Llevó una mano a su pecho, tratando de calmar el ligero temblor que sentía. No de miedo, sino de algo más. No podía dejar de pensar en sus ojos, en ese azul profundo, casi etéreo, que había captado su atención desde el primer momento. Eran hipnotizantes, como un remolino que la atraía, como un misterio que pedía ser descifrado.
Por un instante, se sintió culpable. Su madre siempre había sido clara: los dioses eran peligrosos, caóticos y egoístas, y nunca debía confiar en ellos. Pero Hades no había parecido encajar en esa descripción. No había sentido temor en su presencia. En cambio, sentía una curiosidad inmensa, un deseo de saber más sobre él y sobre el mundo del que provenía.
"¿Por qué estaba aquí?" se preguntó de nuevo, mirando el punto donde su figura había desaparecido entre los árboles. El rey del Inframundo, en el prado de su madre. ¿Qué podría haberlo llevado hasta allí? No parecía haber venido a buscarla a ella, pero tampoco podía descartar que el destino hubiese intervenido para cruzar sus caminos.
La suave brisa acarició su rostro, y Kore se dio cuenta de que había estado sujetando su aliento sin darse cuenta.
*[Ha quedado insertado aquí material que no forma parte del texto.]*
(* Let $G=(V,E)$ be a finite simple graph of order $n$ with adjacency matrix $A$ having eigenvalues $\lambda_1\ge\cdots\ge\lambda_n$, let $k\ge1$, and let $p\in\mathbb{R}_k[x]$. Set $W(p):=\max_{u\in V}(p(A))_{uu}$ and $w(p):=\min_{u\in V}(p(A))_{uu}$. Then $$\chi_{kq}(G)\ \ge\ \frac{n}{\min\{\,|\{i : p(\lambda_i)\ge w(p)\}|,\ |\{i : p(\lambda_i)\le W(p)\}|\,\}}.$$
   Context: $\mathbb{R}_k[x]$ denotes the real polynomials of degree at most $k$. $\mathrm{dist}(v,w)$ is the graph distance in $G$, $[c]=\{1,\dots,c\}$. A quantum $k$-distance $c$-coloring of $G$ is a collection of orthogonal projectors $\{P_{v,h} : v\in V, h\in[c]\}$ in $\mathbb{C}^{d\times d}$ (for some $d\ge 1$) with $\sum_{h\in[c]}P_{v,h}=I_d$ for each $v\in V$ and $P_{v,h}P_{w,h}=0$ for all distinct $v,w$ with $\mathrm{dist}(v,w)\le k$ and all $h$. The quantum $k$-distance chromatic number $\chi_{kq}(G)$ is the smallest $c$ for which such a coloring exists for some $d>0$; equivalently it is the quantum chromatic number of the $k$-th power graph $G^k$ (same vertex set, distinct vertices adjacent iff at distance at most $k$ in $G$). *)

theory Defs
  imports "Jordan_Normal_Form.Matrix" "Jordan_Normal_Form.Char_Poly"
begin

definition simple_graph :: "nat \<Rightarrow> (nat \<Rightarrow> nat \<Rightarrow> bool) \<Rightarrow> bool" where
  "simple_graph n E \<longleftrightarrow> (\<forall>u v. E u v \<longrightarrow> u < n \<and> v < n \<and> u \<noteq> v \<and> E v u)"

definition adj_matrix :: "nat \<Rightarrow> (nat \<Rightarrow> nat \<Rightarrow> bool) \<Rightarrow> real mat" where
  "adj_matrix n E = mat n n (\<lambda>(u,v). if E u v then 1 else 0)"
(* Let $\mathbb{K}$ be $\mathbb{R}$ or $\mathbb{C}$. Let $U$ be a $2$-dimensional $\mathbb{K}$-vector space equipped with a chosen area form (nonzero alternating bilinear form) $\omega$, and let $SL(U)$ be the group of linear automorphisms of $U$ preserving $\omega$, acting on $U\otimes V^*$ via its action on the first factor and hence on $\bigwedge^4(U\otimes V^* )$. Then for every finite-dimensional $\mathbb{K}$-vector space $V$ there is an isomorphism, natural in $V$, $$\mathcal{R}(V)\;\simeq\;\Big(\textstyle\bigwedge^4(U\otimes V^* )\Big)^{SL(U)},$$ where the right-hand side denotes the subspace of $SL(U)$-invariant elements.
   Context: For a finite-dimensional vector space $V$, $\mathcal{R}(V)\subset (V^* )^{\otimes 4}$ denotes the subspace of tetralinear forms $R$ on $V$ satisfying, for all $a,b,c,d\in V$: (1) $R(a,b,c,d)=-R(b,a,c,d)=-R(a,b,d,c)$, and (2) $R(a,b,c,d)+R(b,c,a,d)+R(c,a,b,d)=0$ (the algebraic symmetries of a Riemann curvature tensor). *)

theory Defs
  imports Complex_Main
begin

(* Coordinates: V = K^n with basis e_0..e_{n-1}, dual basis e^0..e^{n-1};
   U = K^2 with basis u_0,u_1; U (x) V^* has basis u_a (x) e^i, indexed by pairs (a,i).
   A 4-tensor is stored as its array of coefficients, required to vanish outside
   the index set. *)

type_synonym 'k t4 = "nat \<Rightarrow> nat \<Rightarrow> nat \<Rightarrow> nat \<Rightarrow> 'k"
type_synonym 'k w4 = "nat \<times> nat \<Rightarrow> nat \<times> nat \<Rightarrow> nat \<times> nat \<Rightarrow> nat \<times> nat \<Rightarrow> 'k"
Sacudió la cabeza, tratando de despejar las ideas que se acumulaban en su mente. Sin embargo, por más que lo intentara, no podía apartar la imagen del dios de su mente.
Hades.
El nombre resonó en su interior como un eco persistente.
—¿Quién eres realmente? —murmuró para sí misma, tocando una de las flores que aún decoraban su cabello.
No lo sabía, pero algo en su interior le decía que este no podia ser su último encuentro con el dios solitario. Algo había cambiado en el aire, como si el hilo de un nuevo destino se hubiera entrelazado con el suyo. Y aunque no podía explicarlo, el pensamiento no la asustaba. La intrigaba.
Kore bajó la mirada hacia el césped bajo sus pies, perdida en sus pensamientos. Sin saberlo, una leve sonrisa se formó en sus labios. La chispa de algo nuevo, algo desconocido, había encendido su espíritu, y aunque no podía prever las consecuencias, no tenía intención de ignorarlo.
Sin saberlo, Kore acababa de dar el primer paso hacia un destino que cambiaría no solo su vida, sino la de todos los que la rodeaban.